MOBILE COUNTY, Ala. (WKRG) — Monde Donaldson with the BBB Serving Central & South Alabama spoke with WKRG News 5 about Secret Santa scams during the holiday season.
“Secret Santa” around the office, or with friends and family can be fun. A gift exchange among online friends you haven’t met, well, that’s a little different and carries a heftier consequence. These gift exchanges, while they look like innocent fun, are really pyramid schemes – and are considered illegal.
The “Secret Sister” gift exchange campaign quickly became popular several years ago through Facebook posts promising participants would receive up to 36 gifts, in exchange for sending one gift. Each holiday season, the scheme pops back up.BBB Serving Central & South Alabama
- What does it look like this year?
A newer version of this scam revolves around exchanging bottles of wine; another suggests purchasing $10 gifts online. You might see references to receiving “happy mail” or doing the exchange “for the good of the sisterhood.” Other 2020 versions include this text: “If there’s EVER been a year we need random fun presents to come in the mail IT’S 2020!!!!!!” or “And Grinches who say this is a scam… It’s 2020.”
- How does the Scam Work?
The scheme starts with a convincing invitation, either by email or social media to sign up for what seems like a great, fun program. All you must do is provide your name and address and personal information of a few additional friends, and tack this information on to a list that’s already started of people you’ve never met on the internet. Next, it’s your turn to send an email or social media invitation to send a modest gift or bottle of wine to a stranger along with their friends, family and contacts.
A newer twist on the idea asks you to give your etransfer email and asks users to pick a name off of a list and send money to strangers, to “pay it forward.”

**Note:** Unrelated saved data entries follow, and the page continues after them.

lemma seq_compact_product_extend_convergent:
  fixes X :: "'i \<Rightarrow> 'a topology"
  assumes sc: "seq_compact_space (product_topology X I)" and "I \<subseteq> J"
    and conv: "\<forall>j\<in>J - I. \<not> has_nonconvergent_seq (X j)"
  shows "seq_compact_space (product_topology X J)"
  unfolding seq_compact_space_def
proof (intro allI impI)
  fix \<sigma> :: "nat \<Rightarrow> 'i \<Rightarrow> 'a"
  assume \<sigma>: "range \<sigma> \<subseteq> topspace (product_topology X J)"
  then have "range (\<lambda>n. restrict (\<sigma> n) I) \<subseteq> topspace (product_topology X I)"
    using \<open>I \<subseteq> J\<close> by (force simp: PiE_iff)
  then obtain r l where r: "strict_mono r"
    and lim: "limitin (product_topology X I) ((\<lambda>n. restrict (\<sigma> n) I) \<circ> r) l sequentially"
    using sc unfolding seq_compact_space_def by blast
  have "\<exists>x. limitin (X j) (\<lambda>n. \<sigma> (r n) j) x sequentially" if "j \<in> J - I" for j
  proof -
    have "range (\<lambda>n. \<sigma> (r n) j) \<subseteq> topspace (X j)"
      using \<sigma> that by (force simp: PiE_iff)
    then show ?thesis
      using conv that unfolding has_nonconvergent_seq_def by blast
  qed
  then obtain m where m: "\<And>j. j \<in> J - I \<Longrightarrow> limitin (X j) (\<lambda>n. \<sigma> (r n) j) (m j) sequentially"
    by metis
  have "limitin (product_topology X J) (\<sigma> \<circ> r) (restrict (\<lambda>j. if j \<in> I then l j else m j) J)
      sequentially"
    unfolding limitin_componentwise
  proof (intro conjI ballI)
    show "\<forall>\<^sub>F n in sequentially. (\<sigma> \<circ> r) n \<in> topspace (product_topology X J)"
      using \<sigma> by (intro always_eventually) auto
    fix j
    assume "j \<in> J"
    show "limitin (X j) (\<lambda>n. (\<sigma> \<circ> r) n j) (restrict (\<lambda>j. if j \<in> I then l j else m j) J j)
        sequentially"
    proof (cases "j \<in> I")
      case True
      then show ?thesis
        using lim \<open>j \<in> J\<close> by (simp add: limitin_componentwise o_def)
    next
      case False
      then show ?thesis
        using m \<open>j \<in> J\<close> by (simp add: o_def)
    qed
  qed simp
  then show "\<exists>r l. strict_mono r \<and> limitin (product_topology X J) (\<sigma> \<circ> r) l sequentially"
    using r by blast
qed

theorem corollary4p3:
  fixes X :: "'i \<Rightarrow> 'a topology" and J :: "'i set"
  assumes h_ge_s: "\<And>(I :: 'i set) (Y :: 'i \<Rightarrow> 'a topology).
              card_less_s I \<Longrightarrow>
              (\<forall>i\<in>I. topspace (Y i) \<noteq> {} \<and> seq_compact_space (Y i)) \<Longrightarrow>
              seq_compact_space (product_topology Y I)"
    and nonempty: "\<forall>j\<in>J. topspace (X j) \<noteq> {}"
  shows "(seq_compact_space (product_topology X J)
           \<longleftrightarrow> (\<forall>j\<in>J. seq_compact_space (X j)) \<and>
               card_less_s {j\<in>J. has_nonconvergent_seq (X j)})
       \<and> ((\<forall>j\<in>J. seq_compact_space (X j)) \<and>
               card_less_s {j\<in>J. has_nonconvergent_seq (X j)}
           \<longleftrightarrow> (\<forall>j\<in>J. seq_compact_space (X j)) \<and>
               card_less_s {j\<in>J. \<not> ultraconnected_space (X j)})"
proof -
  let ?N = "{j\<in>J. has_nonconvergent_seq (X j)}"
  have "topspace (product_topology X J) \<noteq> {}"
    using nonempty by (simp add: PiE_eq_empty_iff)
  then obtain z where z: "z \<in> topspace (product_topology X J)"
    by blast
  have N_eq: "?N = {j\<in>J. \<not> ultraconnected_space (X j)}" if "\<forall>j\<in>J. seq_compact_space (X j)"
    using that by (auto simp: seq_compact_has_nonconvergent_seq_iff)
  have "seq_compact_space (product_topology X J) \<longleftrightarrow>
      (\<forall>j\<in>J. seq_compact_space (X j)) \<and> card_less_s ?N"
  proof
    assume sc: "seq_compact_space (product_topology X J)"
    then have factors: "\<forall>j\<in>J. seq_compact_space (X j)"
      using seq_compact_space_product_factor[OF sc z] by blast
    have "card_less_s ?N"
      by (intro card_less_s_if_unsplit seq_compact_product_unsplit[OF sc z])
        (use factors N_eq in auto)
    with factors show "(\<forall>j\<in>J. seq_compact_space (X j)) \<and> card_less_s ?N" ..
  next
    assume "(\<forall>j\<in>J. seq_compact_space (X j)) \<and> card_less_s ?N"
    then have "seq_compact_space (product_topology X ?N)"
      using h_ge_s nonempty by auto
    then show "seq_compact_space (product_topology X J)"
      by (rule seq_compact_product_extend_convergent) auto
  qed
  moreover have "(\<forall>j\<in>J. seq_compact_space (X j)) \<and> card_less_s ?N \<longleftrightarrow>
      (\<forall>j\<in>J. seq_compact_space (X j)) \<and> card_less_s {j\<in>J. \<not> ultraconnected_space (X j)}"
    using N_eq by (intro conj_cong) simp_all
  ultimately show ?thesis ..
qed

end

The cycle continues and you’re left with buying and shipping gifts or money to unknown individuals, in hopes that the favor is reciprocated by receiving the promised number of gifts in return. Unfortunately, it doesn’t happen. Just like any other pyramid scheme, it relies on the recruitment of individuals to keep the scam afloat. Once people stop participating in the gift exchange, the gift supply stops as well, and leaves hundreds of disappointed people without their promised gifts or cash.
- What else can happen?
There is another layer of danger to participating in these schemes. When signing up, the alleged campaign organizer is asking for personal information such as a mailing address or an email. With just a few pieces of information, cyber thieves could expose you to future scams or commit identity theft.
- What should people do to avoid this scam?

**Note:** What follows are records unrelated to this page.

(* For every $N\ge 1$ and every integer $r\ge 0$, $$\Pr[\mathcal{R}_2(N)=r]=\frac{1}{(N-1)!}\left[{N-1\atop r}\right],$$ where $\left[{m\atop r}\right]$ denotes the unsigned Stirling number of the first kind (the number of permutations of $\{1,\dots,m\}$ with exactly $r$ cycles, with $\left[{0\atop 0}\right]=1$).
   Context: A random recursive hypergraph (RRH) is the random hypergraph process defined as follows. At size $N=1$ it has vertex set $\{v_1\}$ and edge set $\{\{v_1\}\}$. Given the hypergraph of size $N$ (vertices $v_1,\dots,v_N$, exactly $N$ edges), one chooses an existing edge $e$ uniformly at random, independently of the past, and adds a new vertex $v_{N+1}$ together with the new edge $e\cup\{v_{N+1}\}$. The rank of a vertex $v$ is $\min\{|e| : v\in e\}$. $\mathcal{R}_k(N)$ denotes the number of vertices of rank $k$ in the RRH of size $N$ (equivalently, the number of edges of size $k$). *)

theory Defs
  imports "HOL-Probability.Probability" "HOL-Combinatorics.Stirling"
begin

text \<open>Vertex v_i is represented by the natural number i;
  a hypergraph is represented by its list of edges (edge i is the edge created at step i).
  rrh N is the distribution of the RRH of size N (for N >= 1).\<close>

fun rrh :: "nat \<Rightarrow> nat set list pmf" where
  "rrh 0 = return_pmf []"
| "rrh (Suc 0) = return_pmf [{1}]"
| "rrh (Suc (Suc n)) =
     bind_pmf (rrh (Suc n)) (\<lambda>es.
       map_pmf (\<lambda>i. es @ [es ! i \<union> {Suc (Suc n)}]) (pmf_of_set {..<length es}))"

definition vrank :: "nat set list \<Rightarrow> nat \<Rightarrow> nat" where
  "vrank H v = Min {card e | e. e \<in> set H \<and> v \<in> e}"

definition rank_count :: "nat \<Rightarrow> nat set list \<Rightarrow> nat" where
  "rank_count k H = card {v \<in> \<Union> (set H). vrank H v = k}"

end

theory Submission
  imports Defs
begin

text \<open>Vertex \<open>v\<^sub>j\<^sub>+\<^sub>1\<close> is born in edge \<open>j\<close>, which is contained in every other edge through
  \<open>v\<^sub>j\<^sub>+\<^sub>1\<close>; so its rank is the size of edge \<open>j\<close>, and \<open>\<R>\<^sub>2\<close> counts the edges of size 2. Such an edge
  arises exactly when the root edge \<open>{v\<^sub>1}\<close> is chosen, which at size \<open>k\<close> happens with probability
  \<open>1/k\<close> independently of the past. This is the Feller coupling for the number of cycles of a
  uniform random permutation of \<open>N - 1\<close> elements, whose law is given by the Stirling numbers.\<close>

definition rrh_wf :: "nat set list \<Rightarrow> bool" where
  "rrh_wf es \<longleftrightarrow>
     (\<forall>j<length es. {1, Suc j} \<subseteq> es!j \<and> es!j \<subseteq> {1..Suc j}) \<and>
     (\<forall>j<length es. \<forall>k<length es. Suc j \<in> es!k \<longrightarrow> es!j \<subseteq> es!k)"

lemma rrh_wf_append:
  assumes wf: "rrh_wf es" and i: "i < length es"
  shows "rrh_wf (es @ [es!i \<union> {Suc (length es)}])"
proof -
  let ?m = "length es" and ?e = "es!i \<union> {Suc (length es)}"
  have bounds: "\<And>j. j < ?m \<Longrightarrow> {1, Suc j} \<subseteq> es!j \<and> es!j \<subseteq> {1..Suc j}"
    and closed: "\<And>j k. j < ?m \<Longrightarrow> k < ?m \<Longrightarrow> Suc j \<in> es!k \<Longrightarrow> es!j \<subseteq> es!k"
    using wf unfolding rrh_wf_def by blast+
  have fresh: "Suc ?m \<notin> es!j" if "j < ?m" for j
    using bounds[OF that] that by auto
  have new_bounds: "{1, Suc ?m} \<subseteq> ?e \<and> ?e \<subseteq> {1..Suc ?m}"
    using bounds[OF i] i by auto
  have new_closed: "es!j \<subseteq> ?e" if "j < ?m" "Suc j \<in> ?e" for j
    using that closed[OF _ i] by auto
  have "{1, Suc j} \<subseteq> (es @ [?e])!j \<and> (es @ [?e])!j \<subseteq> {1..Suc j}" if "j < Suc ?m" for j
  proof -
    from that consider "j < ?m" | "j = ?m" by linarith
    then show ?thesis
      using bounds new_bounds by cases (simp_all add: nth_append)
  qed
  moreover have "(es @ [?e])!j \<subseteq> (es @ [?e])!k"
    if j: "j < Suc ?m" and k: "k < Suc ?m" and jk: "Suc j \<in> (es @ [?e])!k" for j k
  proof (cases "k < ?m")
    case True
    with jk fresh have "j < ?m" using j by (auto simp: nth_append less_Suc_eq)
    with True jk closed show ?thesis by (simp add: nth_append)
  next
    case False
    with k have "k = ?m" by simp
    with j jk new_closed show ?thesis by (auto simp: nth_append less_Suc_eq)
  qed
  ultimately show ?thesis
    unfolding rrh_wf_def length_append_singleton by blast
qed

lemma rrh_wf_rrh:
  assumes "es \<in> set_pmf (rrh (Suc n))"
  shows "rrh_wf es \<and> length es = Suc n"
  using assms
proof (induction n arbitrary: es)
  case 0
  then show ?case by (simp add: rrh_wf_def)
next
  case (Suc n)
  then obtain es0 i where es0: "es0 \<in> set_pmf (rrh (Suc n))"
    and i: "i \<in> set_pmf (pmf_of_set {..<length es0})"
    and es: "es = es0 @ [es0!i \<union> {Suc (Suc n)}]"
    by auto
  from Suc.IH[OF es0] have wf0: "rrh_wf es0" and len0: "length es0 = Suc n" by auto
  with i have "i < length es0" by (subst (asm) set_pmf_of_set) auto
  with es wf0 len0 rrh_wf_append[of es0 i] show ?case by simp
qed

lemma Union_set_rrh_wf:
  assumes "rrh_wf es"
  shows "\<Union> (set es) = Suc ` {..<length es}"
proof
  show "\<Union> (set es) \<subseteq> Suc ` {..<length es}"
  proof
    fix v assume "v \<in> \<Union> (set es)"
    then obtain k where "k < length es" "v \<in> es!k" by (auto simp: in_set_conv_nth)
    moreover from assms \<open>k < length es\<close> have "es!k \<subseteq> {1..Suc k}"
      unfolding rrh_wf_def by blast
    ultimately have "v \<in> {1..Suc k}" by blast
    with \<open>k < length es\<close> show "v \<in> Suc ` {..<length es}"
      by (auto intro!: image_eqI[of _ _ "v - 1"])
  qed
  have "Suc j \<in> es!j" if "j < length es" for j
    using assms that unfolding rrh_wf_def by blast
  then show "Suc ` {..<length es} \<subseteq> \<Union> (set es)"
    by (auto intro: nth_mem)
qed

lemma vrank_rrh_wf:
  assumes wf: "rrh_wf es" and j: "j < length es"
  shows "vrank es (Suc j) = card (es!j)"
proof -
  let ?S = "{card e |e. e \<in> set es \<and> Suc j \<in> e}"
  have finite_edges: "finite (es!k)" if "k < length es" for k
    using wf that unfolding rrh_wf_def by (meson finite_atLeastAtMost finite_subset)
  have "finite ?S"
    by (rule finite_subset[of _ "card ` set es"]) auto
  moreover have "card (es!j) \<in> ?S"
    using wf j unfolding rrh_wf_def by (auto intro: nth_mem)
  moreover have "card (es!j) \<le> x" if "x \<in> ?S" for x
  proof -
    from that obtain k where "k < length es" "x = card (es!k)" "Suc j \<in> es!k"
      by (auto simp: in_set_conv_nth)
    with wf j finite_edges show ?thesis unfolding rrh_wf_def by (simp add: card_mono)
  qed
  ultimately show ?thesis
    unfolding vrank_def by (intro Min_eqI) auto
qed

lemma rank_count_rrh_wf:
  assumes "rrh_wf es"
  shows "rank_count k es = card {j. j < length es \<and> card (es!j) = k}"
proof -
  have "{v \<in> \<Union> (set es). vrank es v = k} = Suc ` {j \<in> {..<length es}. vrank es (Suc j) = k}"
    unfolding Union_set_rrh_wf[OF assms] by (rule Compr_image_eq)
  also have "{j \<in> {..<length es}. vrank es (Suc j) = k} = {j. j < length es \<and> card (es!j) = k}"
    using vrank_rrh_wf[OF assms] by auto
  finally show ?thesis
    unfolding rank_count_def by (simp add: card_image)
qed

text \<open>Only the root edge \<open>{1}\<close> has size 1, so a new edge of size 2 arises exactly when the root is chosen.\<close>
lemma rank_count_two_append:
  assumes wf: "rrh_wf es" and i: "i < length es"
  shows "rank_count 2 (es @ [es!i \<union> {Suc (length es)}]) = rank_count 2 es + of_bool (i = 0)"
proof -
  let ?m = "length es" and ?e = "es!i \<union> {Suc (length es)}"
  have bounds: "{1, Suc i} \<subseteq> es!i" "es!i \<subseteq> {1..Suc i}"
    using wf i unfolding rrh_wf_def by auto
  then have "finite (es!i)" by (meson finite_atLeastAtMost finite_subset)
  moreover have "Suc ?m \<notin> es!i" using bounds i by auto
  ultimately have card_e: "card ?e = Suc (card (es!i))" by simp
  have "card (es!i) = 1 \<longleftrightarrow> i = 0"
  proof
    assume "card (es!i) = 1"
    show "i = 0"
    proof (rule ccontr)
      assume "i \<noteq> 0"
      have "card {1, Suc i} \<le> card (es!i)"
        using \<open>finite (es!i)\<close> bounds(1) by (rule card_mono)
      with \<open>i \<noteq> 0\<close> \<open>card (es!i) = 1\<close> show False by simp
    qed
  next
    assume "i = 0"
    with bounds have "es!i = {1}" by auto
    then show "card (es!i) = 1" by simp
  qed
  with card_e have new_edge: "card ?e = 2 \<longleftrightarrow> i = 0" by simp
  have "{j. j < Suc ?m \<and> card ((es @ [?e])!j) = 2} =
      {j. j < ?m \<and> card (es!j) = 2} \<union> {j. j = ?m \<and> i = 0}"
    using new_edge by (auto simp: nth_append less_Suc_eq)
  then have "card {j. j < Suc ?m \<and> card ((es @ [?e])!j) = 2} =
      card {j. j < ?m \<and> card (es!j) = 2} + of_bool (i = 0)"
    by (simp add: card_Un_disjoint)
  then show ?thesis
    unfolding rank_count_rrh_wf[OF wf] rank_count_rrh_wf[OF rrh_wf_append[OF wf i]] by simp
qed

text \<open>Law of the number of cycles of a uniform random permutation of \<open>n\<close> elements
  (Feller coupling): element \<open>k + 1\<close> opens a new cycle with probability \<open>1 / (k + 1)\<close>.\<close>
fun cycle_count_pmf :: "nat \<Rightarrow> nat pmf" where
  "cycle_count_pmf 0 = return_pmf 0"
| "cycle_count_pmf (Suc n) =
     bind_pmf (pmf_of_set {..<Suc n}) (\<lambda>i. map_pmf (\<lambda>c. c + of_bool (i = 0)) (cycle_count_pmf n))"

lemma pmf_cycle_count_pmf: "pmf (cycle_count_pmf n) r = real (stirling n r) / fact n"
proof (induction n arbitrary: r)
  case 0
  then show ?case by (cases r) (auto simp: indicator_def)
next
  case (Suc n)
  have "pmf (cycle_count_pmf (Suc n)) r =
      (\<Sum>i<Suc n. pmf (map_pmf (\<lambda>c. c + of_bool (i = 0)) (cycle_count_pmf n)) r) / Suc n"
    by (simp only: cycle_count_pmf.simps, subst pmf_bind_pmf_of_set) auto
  also have "\<dots> = (pmf (map_pmf Suc (cycle_count_pmf n)) r + n * pmf (cycle_count_pmf n) r) / Suc n"
    by (subst sum.lessThan_Suc_shift) (simp del: sum.lessThan_Suc)
  also have "\<dots> = real (stirling (Suc n) r) / fact (Suc n)"
  proof (cases r)
    case 0
    have "pmf (map_pmf Suc (cycle_count_pmf n)) 0 = 0" by (simp add: pmf_eq_0_set_pmf)
    moreover have "real n * real (stirling n 0) = 0" by (cases n) auto
    ultimately show ?thesis using 0 Suc.IH by simp
  next
    case (Suc k)
    have "pmf (map_pmf Suc (cycle_count_pmf n)) (Suc k) = pmf (cycle_count_pmf n) k"
      by (simp add: pmf_map_inj')
    moreover have "(fact (Suc n) :: real) = Suc n * fact n" by (simp add: algebra_simps)
    ultimately show ?thesis
      unfolding Suc Suc.IH by (simp add: field_simps)
  qed
  finally show ?case .
qed

lemma map_pmf_rank_count_two_rrh: "map_pmf (rank_count 2) (rrh (Suc n)) = cycle_count_pmf n"
proof (induction n)
  case 0
  then show ?case by (simp add: rank_count_def vrank_def)
next
  case (Suc n)
  have "map_pmf (rank_count 2) (rrh (Suc (Suc n))) =
      bind_pmf (rrh (Suc n)) (\<lambda>es. map_pmf (\<lambda>i. rank_count 2 es + of_bool (i = 0)) (pmf_of_set {..<Suc n}))"
    unfolding rrh.simps map_bind_pmf map_pmf_comp
  proof (intro bind_pmf_cong refl)
    fix es assume "es \<in> set_pmf (rrh (Suc n))"
    then have wf: "rrh_wf es" and len: "length es = Suc n" by (simp_all add: rrh_wf_rrh)
    have "rank_count 2 (es @ [es!i \<union> {Suc (Suc n)}]) = rank_count 2 es + of_bool (i = 0)"
      if "i \<in> set_pmf (pmf_of_set {..<Suc n})" for i
    proof -
      from that len have "i < length es" by (subst (asm) set_pmf_of_set) auto
      with rank_count_two_append[OF wf] len show ?thesis by simp
    qed
    then show "map_pmf (\<lambda>i. rank_count 2 (es @ [es!i \<union> {Suc (Suc n)}])) (pmf_of_set {..<length es}) =
        map_pmf (\<lambda>i. rank_count 2 es + of_bool (i = 0)) (pmf_of_set {..<Suc n})"
      unfolding len by (rule map_pmf_cong[OF refl])
  qed
  also have "\<dots> = bind_pmf (cycle_count_pmf n) (\<lambda>c. map_pmf (\<lambda>i. c + of_bool (i = 0)) (pmf_of_set {..<Suc n}))"
    unfolding Suc.IH[symmetric] bind_map_pmf ..
  also have "\<dots> = cycle_count_pmf (Suc n)"
    unfolding map_pmf_def cycle_count_pmf.simps by (rule bind_commute_pmf)
  finally show ?case .
qed

theorem mainTheorem7:
  fixes N r :: nat
  assumes "N \<ge> 1"
  shows "measure_pmf.prob (rrh N) {H. rank_count 2 H = r}
           = real (stirling (N - 1) r) / fact (N - 1)"
proof -
  obtain n where N: "N = Suc n" using assms by (cases N) auto
  have "measure_pmf.prob (rrh N) {H. rank_count 2 H = r} = pmf (map_pmf (rank_count 2) (rrh N)) r"
    by (simp add: pmf_map vimage_def)
  also have "\<dots> = pmf (cycle_count_pmf n) r"
    by (simp add: N map_pmf_rank_count_two_rrh)
  finally show ?thesis
    by (simp add: N pmf_cycle_count_pmf)
qed

end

Ignore it! Delete, don’t answer block. Do whatever it takes. It is not real.
Report social media posts. If you receive an invitation to join a pyramid scheme on social media, report it. You can report these Facebook posts by clicking in the upper righthand corner and selecting “Report post” or “report photo.”
Never give your personal information to strangers. This will open you up to identity theft and other scams.
Be wary of false claims. We can classify these as pyramid schemes. Some pyramid schemes try to win your confidence by claiming they’re legal and endorsed by the government. These imposter schemes are false as the government will never endorse illegal activity. No matter what they claim, pyramid schemes will not make you rich. You will receive little to no money back on your “investment” or gift exchange.
Report it to BBB.org/Scamtracker.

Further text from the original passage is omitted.